Usefulness of transform feedback

I’ve read about TF and I’ve tried to think useful applications of it. It can be used for hardware skinning, probably, when a skinned mesh is rendered multiple times per frame. In the first extra pass (where TF is enabled) we can apply the local bone transformations and capture the vert positions in a VBO. Then we render the mesh using this VBO multiple times in this frame.

Any other useful applications of TF?

Fast, pipelined GPGPU, with imho possibly much-lower overhead than CL or cuda. Skinning is just one of the many examples of such GPGPU.

Instance culling on gpu: http://rastergrid.com/blog/2010/02/instance-culling-using-geometry-shaders/

Tesselation/subdivision, that is possibly more flexible than the DX11 one.

Since it’s basically “arrays of structures” with possible variable result length, and possible recursion to emit N array elements out of a kernel/input, it looks quite useful :slight_smile:

You can calculate silhouette edges, which have a number of uses.

Particle systems.

Occlusion culling much more efficient than with occlusion queries.

Could you provide some info on this? Sounds very interesting.

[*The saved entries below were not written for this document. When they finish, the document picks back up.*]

(* If $k \geq 9$ and $|q - q_k| < q_k^{-2k-6}$, then $d_{\mathrm{H}}(\pi_q(S_{k-1}), \pi_{q_k}(S_{k-1})) < q_k^{-2k-4}$.
   Context: $q_k$ is the unique root in $(1,2)$ of $x^k - x^{k-1} - \cdots - x - 1 = 0$. $\pi_q((\epsilon_j)_{j\ge1}) = \sum_{j\ge1}\epsilon_j q^{-j}$. $S_{k-1}$ is the set of $(\epsilon_j) \in \{0,1\}^\mathbb{N}$ containing no block of consecutive entries equal to $01^{k-1}$ or $10^{k-1}$. $d_{\mathrm{H}}(X,Y) = \max\{\sup_{x\in X}d(x,Y),\sup_{y\in Y}d(y,X)\}$ is the Hausdorff distance. *)

theory Defs
  imports "HOL-Analysis.Analysis"
begin

definition qk :: "nat \<Rightarrow> real" where
  "qk k = (THE x. 1 < x \<and> x < 2 \<and> x ^ k - (\<Sum>i<k. x ^ i) = 0)"

text \<open>0-1 sequences (eps_j)_{j>=1} are represented as functions nat => bool,
  where position j (0-based) holds eps_(j+1); True means 1, False means 0.\<close>
definition proj :: "real \<Rightarrow> (nat \<Rightarrow> bool) \<Rightarrow> real" where
  "proj q e = (\<Sum>j. (if e j then 1 else 0) / q ^ (Suc j))"

definition Sset :: "nat \<Rightarrow> (nat \<Rightarrow> bool) set" where
  "Sset m = {e. \<not> (\<exists>n. \<not> e n \<and> (\<forall>i\<in>{1..m}. e (n + i)))
              \<and> \<not> (\<exists>n. e n \<and> (\<forall>i\<in>{1..m}. \<not> e (n + i)))}"

definition hausdorff_dist :: "'a::metric_space set \<Rightarrow> 'a set \<Rightarrow> real" where
  "hausdorff_dist X Y = max (SUP x\<in>X. infdist x Y) (SUP y\<in>Y. infdist y X)"

end

theory Submission
  imports Defs
begin

text \<open>The estimate needs no combinatorics of \<open>S\<^sub>k\<^sub>-\<^sub>1\<close>: for every digit sequence \<open>e\<close>,
  the map \<open>q \<mapsto> \<pi>\<^sub>q(e)\<close> moves by at most \<open>1/(q-1) - 1/(p-1)\<close> between \<open>q\<close> and \<open>p\<close>,
  the variation of the all-ones sequence. Pairing \<open>\<pi>\<^sub>q(e)\<close> with \<open>\<pi>\<^sub>p(e)\<close> bounds the
  Hausdorff distance by \<open>|q - q\<^sub>k|/((q-1)(q\<^sub>k-1))\<close>, and \<open>q\<^sub>k > 1.8\<close> makes the
  factor \<open>1/((q-1)(q\<^sub>k-1))\<close> smaller than \<open>q\<^sub>k\<^sup>2\<close>.\<close>

lemma inverse_power_sums:
  assumes "1 < (q::real)"
  shows "(\<lambda>j. 1 / q ^ Suc j) sums (1 / (q - 1))"
proof -
  have "(\<lambda>j. (1/q) * (1/q) ^ j) sums ((1/q) * (1 / (1 - 1/q)))"
    using assms by (intro sums_mult geometric_sums) simp
  moreover have "(1/q) * (1 / (1 - 1/q)) = 1 / (q - 1)"
    using assms by (simp add: field_simps)
  ultimately show ?thesis
    by (simp add: power_divide)
qed

lemma summable_proj:
  assumes "1 < (q::real)"
  shows "summable (\<lambda>j. (if e j then 1 else 0) / q ^ Suc j)"
  by (rule summable_comparison_test'[OF sums_summable[OF inverse_power_sums[OF assms]]])
     (use assms in \<open>simp add: divide_le_eq_1\<close>)

lemma proj_diff_le:
  assumes "1 < (q::real)" "q \<le> p"
  shows "0 \<le> proj q e - proj p e" "proj q e - proj p e \<le> 1 / (q - 1) - 1 / (p - 1)"
proof -
  define t where "t j = (if e j then 1 / q ^ Suc j - 1 / p ^ Suc j else 0)" for j
  have p1: "1 < p" using assms by simp
  have step_sums: "(\<lambda>j. 1 / q ^ Suc j - 1 / p ^ Suc j) sums (1 / (q - 1) - 1 / (p - 1))"
    using sums_diff[OF inverse_power_sums[OF assms(1)] inverse_power_sums[OF p1]] .
  have step_nonneg: "0 \<le> 1 / q ^ Suc j - 1 / p ^ Suc j" for j
  proof -
    have "1 / p ^ Suc j \<le> 1 / q ^ Suc j"
      using assms by (intro divide_left_mono power_mono mult_pos_pos) auto
    then show ?thesis by simp
  qed
  have "proj q e - proj p e
      = (\<Sum>j. (if e j then 1 else 0) / q ^ Suc j - (if e j then 1 else 0) / p ^ Suc j)"
    unfolding proj_def by (rule suminf_diff[OF summable_proj[OF assms(1)] summable_proj[OF p1]])
  also have "\<dots> = (\<Sum>j. t j)"
    by (rule suminf_cong) (simp add: t_def)
  finally have proj_diff_eq: "proj q e - proj p e = (\<Sum>j. t j)" .
  have t_summable: "summable t"
    by (rule summable_comparison_test'[OF sums_summable[OF step_sums]])
       (use step_nonneg in \<open>simp add: t_def\<close>)
  then show "0 \<le> proj q e - proj p e"
    unfolding proj_diff_eq using step_nonneg by (simp add: suminf_nonneg t_def)
  have "(\<Sum>j. t j) \<le> 1 / (q - 1) - 1 / (p - 1)"
    using step_nonneg by (intro sums_le[OF _ summable_sums[OF t_summable] step_sums])
      (simp add: t_def)
  with proj_diff_eq show "proj q e - proj p e \<le> 1 / (q - 1) - 1 / (p - 1)"
    by simp
qed

lemma abs_proj_diff_le:
  assumes "1 < (q::real)" "1 < p"
  shows "\<bar>proj q e - proj p e\<bar> \<le> \<bar>q - p\<bar> / ((q - 1) * (p - 1))"
proof -
  have ordered_case: "\<bar>proj q e - proj p e\<bar> \<le> \<bar>q - p\<bar> / ((q - 1) * (p - 1))"
    if "1 < q" "q \<le> p" for q p :: real
  proof -
    have "1 / (q - 1) - 1 / (p - 1) = \<bar>q - p\<bar> / ((q - 1) * (p - 1))"
      using that by (simp add: field_simps)
    then show ?thesis
      using proj_diff_le[OF that] by simp
  qed
  show ?thesis
    using ordered_case[of q p] ordered_case[of p q] assms
    by (cases "q \<le> p") (simp_all add: abs_minus_commute mult.commute)
qed

lemma root_iff_sum_inverse_powers:
  assumes "0 < (x::real)"
  shows "x ^ k - (\<Sum>i<k. x ^ i) = 0 \<longleftrightarrow> (\<Sum>i<k. 1 / x ^ (k - i)) = 1"
proof -
  have "(\<Sum>i<k. 1 / x ^ (k - i)) = (\<Sum>i<k. x ^ i) / x ^ k"
    unfolding sum_divide_distrib
    by (rule sum.cong) (use assms in \<open>auto simp: power_diff\<close>)
  then show ?thesis
    using assms by (simp add: divide_eq_1_iff)
qed

lemma positive_root_unique:
  assumes "0 < (x::real)" "0 < y"
    and "x ^ k - (\<Sum>i<k. x ^ i) = 0" "y ^ k - (\<Sum>i<k. y ^ i) = 0"
  shows "x = y"
proof -
  have "(\<Sum>i<k. 1 / b ^ (k - i)) < (\<Sum>i<k. 1 / a ^ (k - i))"
    if "0 < a" "a < b" "0 < k" for a b :: real
    using that by (intro sum_strict_mono divide_strict_left_mono power_strict_mono) auto
  moreover have "0 < k"
    using assms(3) by (cases k) auto
  ultimately show ?thesis
    using assms root_iff_sum_inverse_powers[of x k] root_iff_sum_inverse_powers[of y k]
    by (metis less_irrefl linorder_neqE_linordered_idom)
qed

lemma qk_eqI:
  assumes "1 < x" "x < 2" "x ^ k - (\<Sum>i<k. x ^ i) = 0"
  shows "qk k = x"
  unfolding qk_def
  using assms positive_root_unique[of _ x k] by (intro the_equality) auto

lemma qk_bounds:
  assumes "3 \<le> k"
  shows "1.8 < qk k" "qk k < 2"
proof -
  define f where "f x = x ^ k - (\<Sum>i<k. x ^ i)" for x :: real
  have f_closed: "f x = x ^ k - (x ^ k - 1) / (x - 1)" if "x \<noteq> 1" for x
    unfolding f_def sum_gp_strict using that by (simp add: field_simps)
  have "(5::real) < 1.8 ^ 3" by (simp add: power_divide)
  also have "\<dots> \<le> 1.8 ^ k" using assms by (intro power_increasing) auto
  finally have "f 1.8 < 0" using f_closed[of "1.8"] by simp
  moreover have "0 < f 2" using f_closed[of 2] by simp
  moreover have "continuous_on {1.8..2} f" unfolding f_def by (intro continuous_intros)
  ultimately obtain r where "1.8 \<le> r" "r \<le> 2" "f r = 0"
    using IVT'[of f "1.8" 0 2] by auto
  moreover have "r \<noteq> 1.8" "r \<noteq> 2"
    using \<open>f r = 0\<close> \<open>f 1.8 < 0\<close> \<open>0 < f 2\<close> by (metis less_irrefl)+
  ultimately have "1.8 < r" "r < 2" by simp_all
  moreover have "qk k = r"
    using \<open>f r = 0\<close> \<open>1.8 < r\<close> \<open>r < 2\<close> by (intro qk_eqI) (auto simp: f_def)
  ultimately show "1.8 < qk k" "qk k < 2" by simp_all
qed

lemma constant_False_in_Sset:
  assumes "0 < m"
  shows "(\<lambda>_. False) \<in> Sset m"
  using assms unfolding Sset_def by auto

lemma hausdorff_dist_image_le:
  fixes f g :: "'b \<Rightarrow> 'a::metric_space"
  assumes "S \<noteq> {}" and close: "\<And>s. s \<in> S \<Longrightarrow> dist (f s) (g s) \<le> M"
  shows "hausdorff_dist (f ` S) (g ` S) \<le> M"
proof -
  have one_side: "(SUP x\<in>u ` S. infdist x (v ` S)) \<le> M"
    if "\<And>s. s \<in> S \<Longrightarrow> dist (u s) (v s) \<le> M" for u v :: "'b \<Rightarrow> 'a"
  proof (rule cSUP_least)
    show "u ` S \<noteq> {}" using assms(1) by simp
  next
    fix x assume "x \<in> u ` S"
    then obtain s where "s \<in> S" "x = u s" by auto
    then have "infdist x (v ` S) \<le> dist (u s) (v s)" by (simp add: infdist_le)
    also have "\<dots> \<le> M" using that \<open>s \<in> S\<close> .
    finally show "infdist x (v ` S) \<le> M" .
  qed
  show ?thesis
    unfolding hausdorff_dist_def
    using one_side[of f g] one_side[of g f] close by (simp add: dist_commute)
qed

lemma perturbation_factor_bound:
  assumes "1.8 < (p::real)" "\<bar>q - p\<bar> < 1 / p ^ (n + 2)"
  shows "1 < q" "\<bar>q - p\<bar> / ((q - 1) * (p - 1)) < 1 / p ^ n"
proof -
  have "3.24 < p ^ 2"
    using power_strict_mono[of "1.8" p 2] assms(1) by (simp add: power_divide)
  note assms(2)
  also have "1 / p ^ (n + 2) \<le> 1 / p ^ 2"
    using assms(1) by (intro divide_left_mono power_increasing) auto
  also have "\<dots> < 1 / 3.24"
    using \<open>3.24 < p ^ 2\<close> by (intro divide_strict_left_mono) auto
  finally have "0.49 < q - 1"
    using assms(1) unfolding abs_less_iff by simp
  then show "1 < q" by simp
  have factor_lower: "0.49 * 0.8 \<le> (q - 1) * (p - 1)"
    using \<open>0.49 < q - 1\<close> assms(1) by (intro mult_mono) auto
  have "3.24 * (0.49 * 0.8) \<le> p ^ 2 * ((q - 1) * (p - 1))"
    using mult_mono[OF less_imp_le[OF \<open>3.24 < p ^ 2\<close>] factor_lower] by simp
  then have "1 / p ^ 2 \<le> (q - 1) * (p - 1)"
    using assms(1) by (simp add: divide_le_eq mult.commute)
  then have "1 / p ^ 2 / p ^ n \<le> (q - 1) * (p - 1) / p ^ n"
    using assms(1) by (intro divide_right_mono) auto
  then have "1 / p ^ (n + 2) \<le> (q - 1) * (p - 1) / p ^ n"
    by (simp add: power_add power2_eq_square mult.commute mult.left_commute)
  with assms(2) have "\<bar>q - p\<bar> < (q - 1) * (p - 1) / p ^ n" by linarith
  then show "\<bar>q - p\<bar> / ((q - 1) * (p - 1)) < 1 / p ^ n"
    using factor_lower by (simp add: pos_divide_less_eq)
qed

theorem lemma4p7:
  fixes k :: nat and q :: real
  assumes "k \<ge> 9"
    and "\<bar>q - qk k\<bar> < 1 / qk k ^ (2 * k + 6)"
  shows "hausdorff_dist (proj q ` Sset (k - 1)) (proj (qk k) ` Sset (k - 1))
           < 1 / qk k ^ (2 * k + 4)"
proof -
  have "1.8 < qk k"
    using qk_bounds assms(1) by simp
  moreover have "\<bar>q - qk k\<bar> < 1 / qk k ^ ((2 * k + 4) + 2)"
    using assms(2) by (simp add: add.commute)
  ultimately have "1 < q" and factor:
    "\<bar>q - qk k\<bar> / ((q - 1) * (qk k - 1)) < 1 / qk k ^ (2 * k + 4)"
    using perturbation_factor_bound by blast+
  have "hausdorff_dist (proj q ` Sset (k - 1)) (proj (qk k) ` Sset (k - 1))
      \<le> \<bar>q - qk k\<bar> / ((q - 1) * (qk k - 1))"
    using constant_False_in_Sset[of "k - 1"] assms(1) \<open>1 < q\<close> \<open>1.8 < qk k\<close>
    by (intro hausdorff_dist_image_le) (auto simp: dist_real_def intro: abs_proj_diff_le)
  with factor show ?thesis by linarith
qed

end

Could you provide some info on this? Sounds very interesting. [/QUOTE]
Haven’t actually done this but seems like it’d be pretty efficient, but probably only useful for point (or small) queries. Render to a depth texture, bind that as a vertex texture, then send point queries down the pipe. Vertex shader does a depth texture lookup and compare, and serializes out a “visibility” attribute. Then render the objects into the scene with the new visibility attribute bound. Or instead of writing a visibility attribute, use the geometry shader to “prune out” the vertex data and serialize out only the desired primitives (ala Instance culling using geometry shaders).

For a more general solution (arbitrary-sized/shaped occlusion queries), seems like we really need to be able to serialize normal occlusion query results to a buffer object post rasterizer rather than storing them in query objects to yield a more efficient NV_conditional_render for occlusion queries.

Ah yes, thanks! And if we manually create a min/max RG32f mip-chain (R=minZ, G=maxZ), with a simple texture-fetch on a given LOD we can query arbitrary-sized bounding-spheres. Tens of thousands of queries being executed in one draw-call this way :D.
No need for the queries to share instance mesh info, thus the whole scenegraph can be queried. Provided that some rough depth was pre-laid (I do this currently in my code; anti-portals might be the term).

Generally the query results will be <20k in count, so a simple VBO readback gpu->cpu won’t be problematic, especially if packed as a bitfield. Further curable by GL4’s indirect-draw commands.

Bounding spheres can give too many false positives, but the manual visibility testing can be easily extended to do triangle vs Z-plane intersection for complex custom bounding volumes, if necessary.

Existing occlusion queries are proving a bit of a bottleneck for me even with perfect pipelining (rasterization of many triangles, that cover 100k-1M pixels of the screen), and CHC++ doesn’t look like a solution, so this piqued my interest.
Thanks again :slight_smile:

For a more general solution (arbitrary-sized/shaped occlusion queries), seems like we really need to be able to serialize normal occlusion query results to a buffer object post rasterizer rather than storing them in query objects to yield a more efficient NV_conditional_render for occlusion queries.

Why? Is there something inherently inefficient about conditional render?

Granularity = batch.

Though it’s better than CPU-side conditional render based on occlusion queries of course.

Nice. Any examples?

http://developer.download.nvidia.com/SDK/10.5/opengl/samples.html#cg_geometry_program

Never tried it, but was always going to:
-draw normals/tangents anything for an arbitrary mesh for debugging porposes.

Nice. Got to look into it in more detail, though I have not really used cg so an example in GLSL would have been better for my brain…

Oh, disregard normals/tangents drawing. I was somehow thinking about Geometry Shaders rather than TF…

BTW, my particle systems on TF worked pretty well. I was able to update & call for drawing 1 million particles per frame running at 30fps on Radeon 2400 HD.

Transform feedback is essential for the Light Propagation Volumes technique. With it it’s possible convert a Reflective Shadow Map into a grid of points that represent a huge number of lights (with position, direction and color) that can be directly injected into the propagation volumes. It’s one beatiful example of how transform feedback can be used in a non-trivial way.

Interface stuff like picking & mouseovers without refactoring and maintaining all your shaders in software (and where your shaders may only be available at runtime too).

Print Rendering using native shaders.

Any other situation where the application needs post transform screenspace information.

With the fixed pipeline gone and potentially data driven vertex code something like this becomes essential for what used to be considered mundane operations.